— Task prompt —
Report every line of the records that includes the word "imports".

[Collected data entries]
════════

lemma finite_codim_iff_plus_span:
  assumes "A \<subseteq> carrier M"
  shows "finite_codim R M A \<longleftrightarrow> (\<exists>bs. set bs \<subseteq> carrier M \<and> carrier M \<subseteq> plus_span R M A bs)"
proof
  assume "finite_codim R M A"
  then obtain B where B: "finite B" "B \<subseteq> carrier M" and rep:
    "\<forall>x \<in> carrier M. \<exists>s \<in> A. \<exists>c \<in> B \<rightarrow> carrier R. x = s \<oplus>\<^bsub>M\<^esub> (\<Oplus>\<^bsub>M\<^esub> b \<in> B. c b \<odot>\<^bsub>M\<^esub> b)"
    unfolding finite_codim_def by blast
  obtain bs where bs: "set bs = B" "distinct bs"
    using finite_distinct_list[OF B(1)] by blast
  have "carrier M \<subseteq> plus_span R M A bs"
  proof
    fix x assume "x \<in> carrier M"
    then obtain s c where "s \<in> A" "c \<in> B \<rightarrow> carrier R"
      "x = s \<oplus>\<^bsub>M\<^esub> (\<Oplus>\<^bsub>M\<^esub> b \<in> B. c b \<odot>\<^bsub>M\<^esub> b)"
      using rep by blast
    then show "x \<in> plus_span R M A bs"
      using lincomb_in_plus_span[OF assms _ bs(2)] B(2) unfolding bs(1) by simp
  qed
  then show "\<exists>bs. set bs \<subseteq> carrier M \<and> carrier M \<subseteq> plus_span R M A bs"
    using bs B by blast
next
  assume "\<exists>bs. set bs \<subseteq> carrier M \<and> carrier M \<subseteq> plus_span R M A bs"
  then obtain bs where bs: "set bs \<subseteq> carrier M" "carrier M \<subseteq> plus_span R M A bs"
    by blast
  show "finite_codim R M A"
    unfolding finite_codim_def
  proof (intro exI[of _ "set bs"] conjI ballI)
    fix x assume "x \<in> carrier M"
    then show "\<exists>s \<in> A. \<exists>c \<in> set bs \<rightarrow> carrier R. x = s \<oplus>\<^bsub>M\<^esub> (\<Oplus>\<^bsub>M\<^esub> b \<in> set bs. c b \<odot>\<^bsub>M\<^esub> b)"
      using plus_span_lincomb[OF assms bs(1)] bs(2) by blast
  qed (use bs in auto)
qed
(* Let $N$ be a finite set, $r\notin N$, $V=N\cup\{r\}$, and let $G=(V,E)$ be the complete graph on $V$ with edge weights $w:E\to\mathbb{R}$ taking the distinct values $w_1<\dots<w_k$. Assume that for every $i<k$ there is no violated cycle in $G_i$, and that $f_{xy}(\hat N(xy))\ge 0$ for every candidate edge $xy$. Let $uv$ be a candidate edge and $S\in\mathcal{S}_{uv}$ with $S\subseteq\hat N(uv)$. Then for every $s\in S\setminus\{r\}$, $f_{uv}(S)\le f_{uv}(S\setminus\{s\})$.
   Context: For $S\subseteq V$, $\mathrm{mst}(S)$ is the weight of a minimum spanning tree of $G[S]$. For distinct $u,v\in N$, $\mathcal{S}_{uv}=\{S\subseteq V: r\in S,\ u,v\notin S\}$ and $f_{uv}(S)=\mathrm{mst}(S\cup\{u\})+\mathrm{mst}(S\cup\{v\})-\mathrm{mst}(S)-\mathrm{mst}(S\cup\{u,v\})$. $\hat N(uv)$ is the set of vertices $s\in V\setminus\{u,v\}$ with $\max\{w(su),w(sv)\}>w(uv)$. An edge $uv$ is a candidate edge if $r\in\hat N(uv)$ (so $u,v\in N$). $E_i=\{e\in E:w(e)\le w_i\}$, $G_i=(V,E_i)$. For a cycle $C$ in $G_i$ and a chord $f=xy$ of $C$ in $G_i$, with $P_1,P_2$ the two $x$-$y$ paths of $C$, $f$ covers $C$ if $w(f)\ge w(e)$ for all $e\in E(P_1)$ or for all $e\in E(P_2)$; $C$ is well-covered if covered by all its chords. A violated cycle in $G_i$ is a well-covered cycle of $G_i$ containing two vertices non-adjacent in $G_i$ and a vertex $x\ne r$ with $rx\notin E_i$. *)

theory Defs
  imports Complex_Main
begin

text \<open>Complete graph on a vertex set V; edges are two-element sets;
  edge weights are given by w :: 'a set \<Rightarrow> real (only its values on edges matter).\<close>

definition cedges :: "'a set \<Rightarrow> 'a set set" where
  "cedges S = {{x, y} | x y. x \<in> S \<and> y \<in> S \<and> x \<noteq> y}"

definition is_spanning_tree :: "'a set \<Rightarrow> 'a set set \<Rightarrow> bool" where
  "is_spanning_tree S T \<longleftrightarrow>
     T \<subseteq> cedges S \<and> card T = card S - 1 \<and>
     (\<forall>x\<in>S. \<forall>y\<in>S. (x, y) \<in> {(a, b). {a, b} \<in> T}\<^sup>*)"

definition mst :: "('a set \<Rightarrow> real) \<Rightarrow> 'a set \<Rightarrow> real" where
  "mst w S = Min ((\<lambda>T. \<Sum>e\<in>T. w e) ` {T. is_spanning_tree S T})"
(* Let $\varepsilon \in (0,1/2]$ be the solution of $1 - H(\varepsilon) = \varepsilon/8$ (so $\varepsilon \approx 0.3735$), and let $\delta = \varepsilon/8 \approx 0.047$ and $c = \frac{1}{4}\log_2 \frac{9}{5} \approx 0.212$. Then the number $V(3,d)$ of vertices of $\Omega_3^d$ satisfies $$\log_2 V(3,d) \geq c\, 2^{\delta d}\,(1+o(1)) \quad \text{as } d \to \infty.$$ In particular, $V(3,d)$ grows doubly exponentially in $d$.
   Context: $H(x) = -x\log_2 x - (1-x)\log_2(1-x)$ is the binary entropy function. For integers $n,d \geq 1$ let $I_n^d = \{\alpha = (\alpha_1,\ldots,\alpha_d) : \alpha_i \in \{1,\ldots,n\}\}$. A $d$-dimensional matrix of order $n$ is an array $A = (a_\alpha)_{\alpha \in I_n^d}$ of real numbers. A line of $A$ is the set of entries obtained by fixing all but one coordinate of the index and letting the remaining coordinate range over $\{1,\ldots,n\}$. A matrix is polystochastic if all its entries are nonnegative and the sum of entries in each line equals $1$. $\Omega_n^d$ denotes the convex polytope (in $\mathbb{R}^{n^d}$) of all $d$-dimensional polystochastic matrices of order $n$, and $V(n,d)$ is its number of vertices (extreme points). *)

theory Defs
  imports Complex_Main "HOL-Library.FuncSet"
begin

definition bin_entropy :: "real \<Rightarrow> real" where
  "bin_entropy x = - x * log 2 x - (1 - x) * log 2 (1 - x)"

definition index_set :: "nat \<Rightarrow> nat \<Rightarrow> (nat \<Rightarrow> nat) set" where
  "index_set n d = ({0..<d} \<rightarrow>\<^sub>E {1..n})"

text \<open>A d-dimensional matrix of order n is a real function on the index set;
  we represent it as a function on all indices which vanishes outside I_n^d.\<close>
definition polystochastic :: "nat \<Rightarrow> nat \<Rightarrow> ((nat \<Rightarrow> nat) \<Rightarrow> real) \<Rightarrow> bool" where
  "polystochastic n d A \<longleftrightarrow>
     (\<forall>\<alpha>. \<alpha> \<notin> index_set n d \<longrightarrow> A \<alpha> = 0) \<and>
     (\<forall>\<alpha>\<in>index_set n d. A \<alpha> \<ge> 0) \<and>
     (\<forall>\<alpha>\<in>index_set n d. \<forall>i<d. (\<Sum>k\<in>{1..n}. A (\<alpha>(i := k))) = 1)"

definition Omega :: "nat \<Rightarrow> nat \<Rightarrow> ((nat \<Rightarrow> nat) \<Rightarrow> real) set" where
  "Omega n d = {A. polystochastic n d A}"

definition is_vertex :: "((nat \<Rightarrow> nat) \<Rightarrow> real) set \<Rightarrow> ((nat \<Rightarrow> nat) \<Rightarrow> real) \<Rightarrow> bool" where
  "is_vertex S A \<longleftrightarrow> A \<in> S \<and>
     \<not> (\<exists>B\<in>S. \<exists>C\<in>S. B \<noteq> C \<and> (\<exists>t::real. 0 < t \<and> t < 1 \<and>
           A = (\<lambda>\<alpha>. t * B \<alpha> + (1 - t) * C \<alpha>)))"

definition num_vertices :: "nat \<Rightarrow> nat \<Rightarrow> nat" where
  "num_vertices n d = card {A. is_vertex (Omega n d) A}"

end

theory Submission
  imports Defs
begin

text \<open>
  Call a family of polystochastic matrices separated if no polystochastic matrix is supported
  inside the common support of two distinct members. Minimising the support shows that every
  polystochastic matrix has a vertex supported inside its own support; for a separated family
  these vertices are pairwise distinct, so V(n,d) bounds the size of every separated family.

  Separated families of order 3 square in size when the dimension grows by 3. A fixed
  3-dimensional gadget glues two d-dimensional matrices A and B into a (d+3)-dimensional
  polystochastic matrix having A and B as slices; since slices of polystochastic matrices are
  polystochastic, distinct pairs from a separated family glue to a separated family. Starting
  from two Latin hypercubes with disjoint supports, this yields log2 V(3,d) \<ge> 2^((d-1) div 3),
  which dominates c 2^(\<epsilon> d/8) for every \<epsilon> \<le> 1/2.
\<close>

section \<open>Supports and vertices\<close>

definition support :: "((nat \<Rightarrow> nat) \<Rightarrow> real) \<Rightarrow> (nat \<Rightarrow> nat) set" where
  "support A = {\<alpha>. A \<alpha> \<noteq> 0}"

lemma finite_index_set: "finite (index_set n d)"
  unfolding index_set_def by (simp add: finite_PiE)

lemma index_set_upd: "\<alpha> \<in> index_set n d \<Longrightarrow> i < d \<Longrightarrow> k \<in> {1..n} \<Longrightarrow> \<alpha>(i := k) \<in> index_set n d"
  unfolding index_set_def by (auto simp: PiE_iff extensional_def)

lemma index_set_range: "\<alpha> \<in> index_set n d \<Longrightarrow> i < d \<Longrightarrow> \<alpha> i \<in> {1..n}"
  unfolding index_set_def by auto

lemma restrict_in_index_set: "\<alpha> \<in> index_set n (d + m) \<Longrightarrow> restrict \<alpha> {0..<d} \<in> index_set n d"
  unfolding index_set_def by (auto simp: PiE_iff)
lemma pfun_increment:
  assumes "w \<noteq> r"
  shows "pfun r par v w - pfun r par v (par w) = (if w = v then 1 else 0)"
proof (cases "w = v")
  case True
  have "par w \<notin> sector r par v"
    using vlen_le_of_mem_sector vlen_parent[OF assms] True by fastforce
  moreover have "w \<in> sector r par v"
    using mem_sector_iff_parent[OF assms] True by blast
  ultimately show ?thesis
    using True by (simp add: pfun_def)
next
  case False
  then show ?thesis
    using mem_sector_iff_parent[OF assms] by (simp add: pfun_def)
qed

lemma sum_pfun_increment:
  assumes "finite U" and "w \<noteq> r"
  shows "(\<Sum>u\<in>U. c u * pfun r par u w) - (\<Sum>u\<in>U. c u * pfun r par u (par w)) = (if w \<in> U then c w else 0)"
proof -
  have "(\<Sum>u\<in>U. c u * pfun r par u w) - (\<Sum>u\<in>U. c u * pfun r par u (par w))
      = (\<Sum>u\<in>U. c u * (pfun r par u w - pfun r par u (par w)))"
    by (simp add: sum_subtractf right_diff_distrib)
  also have "\<dots> = (\<Sum>u\<in>U. if u = w then c u else 0)"
    by (rule sum.cong) (auto simp: pfun_increment[OF assms(2)])
  also have "\<dots> = (if w \<in> U then c w else 0)"
    using assms(1) by simp
  finally show ?thesis .
qed
lemma item_potential_decrease_eq:
  assumes "0 \<le> \<mu>" and "\<mu> < L"
    and x: "item_x \<mu> L g x0 k = yp - (1 / L) *\<^sub>R gp"
    and psi: "item_A (\<mu> / L) k * item_psi \<mu> L f g x0 xs (k - 1)
      = item_A (\<mu> / L) k * interpolation_gap \<mu> L fp (f xs) gp 0 yp xs"
  defines "q \<equiv> \<mu> / L" and "y \<equiv> item_y \<mu> L g x0 k"
  shows "item_potential \<mu> L f g x0 xs k - item_potential \<mu> L f g x0 xs (Suc k)
    = (1 - q) * item_A q k * interpolation_gap \<mu> L fp (f y) gp (g y) yp y
      + (1 - q) * (item_A q (Suc k) - item_A q k) * interpolation_gap \<mu> L (f xs) (f y) 0 (g y) xs y"
proof -
  have "0 < L" using assms(1,2) by linarith
  then have q: "0 \<le> q" "q < 1" "L \<noteq> 0" "\<mu> \<noteq> L" using assms(1,2) by (simp_all add: q_def)
  have "item_potential \<mu> L f g x0 xs k
    = L * (1 + q * item_A q k) * (norm (item_z \<mu> L g x0 k - xs))\<^sup>2
      + (1 - q) * item_A q k * interpolation_gap \<mu> L fp (f xs) gp 0 yp xs"
    using psi by (simp add: item_potential_def q_def)
  moreover have "item_potential \<mu> L f g x0 xs (Suc k)
    = L * (1 + q * item_A q (Suc k)) * (norm (item_z \<mu> L g x0 (Suc k) - xs))\<^sup>2
      + (1 - q) * item_A q (Suc k) * interpolation_gap \<mu> L (f y) (f xs) (g y) 0 y xs"
    unfolding item_potential_def item_psi_eq_interpolation_gap[OF \<open>0 < L\<close> assms(2)]
    by (simp add: q_def y_def)
  moreover have "y = (1 - item_beta q k) *\<^sub>R item_z \<mu> L g x0 k + item_beta q k *\<^sub>R item_x \<mu> L g x0 k"
    by (simp add: y_def item_y_def Let_def q_def)
  moreover have "item_z \<mu> L g x0 (Suc k) = (1 - q * item_delta q k) *\<^sub>R item_z \<mu> L g x0 k
      + (q * item_delta q k) *\<^sub>R y - (item_delta q k / L) *\<^sub>R g y"
    by (simp add: item_z_Suc q_def y_def)
  ultimately show ?thesis
    using item_step_identity[OF q(3,4) meta_eq_to_obj_eq[OF q_def] item_beta_relation[OF q(1,2)]
        item_delta_relations[OF q(1,2)] x]
    by simp
qed

context
  fixes \<mu> L :: real and f :: "'a::euclidean_space \<Rightarrow> real" and g :: "'a \<Rightarrow> 'a" and xs x0 :: 'a
  assumes mu_nonneg: "0 \<le> \<mu>" and mu_less: "\<mu> < L"
    and F: "smooth_strongly_convex \<mu> L f g" and minimizer: "\<forall>x. f xs \<le> f x"
begin

private lemma gradient_minimizer_eq_0: "g xs = 0"
  using F minimizer unfolding smooth_strongly_convex_def by (blast intro: gradient_zero_at_minimizer)

private lemma L_pos: "0 < L"
  using mu_nonneg mu_less by linarith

════════

— Result of this task —
  imports Complex_Main
  imports Complex_Main "HOL-Library.FuncSet"
  imports Defs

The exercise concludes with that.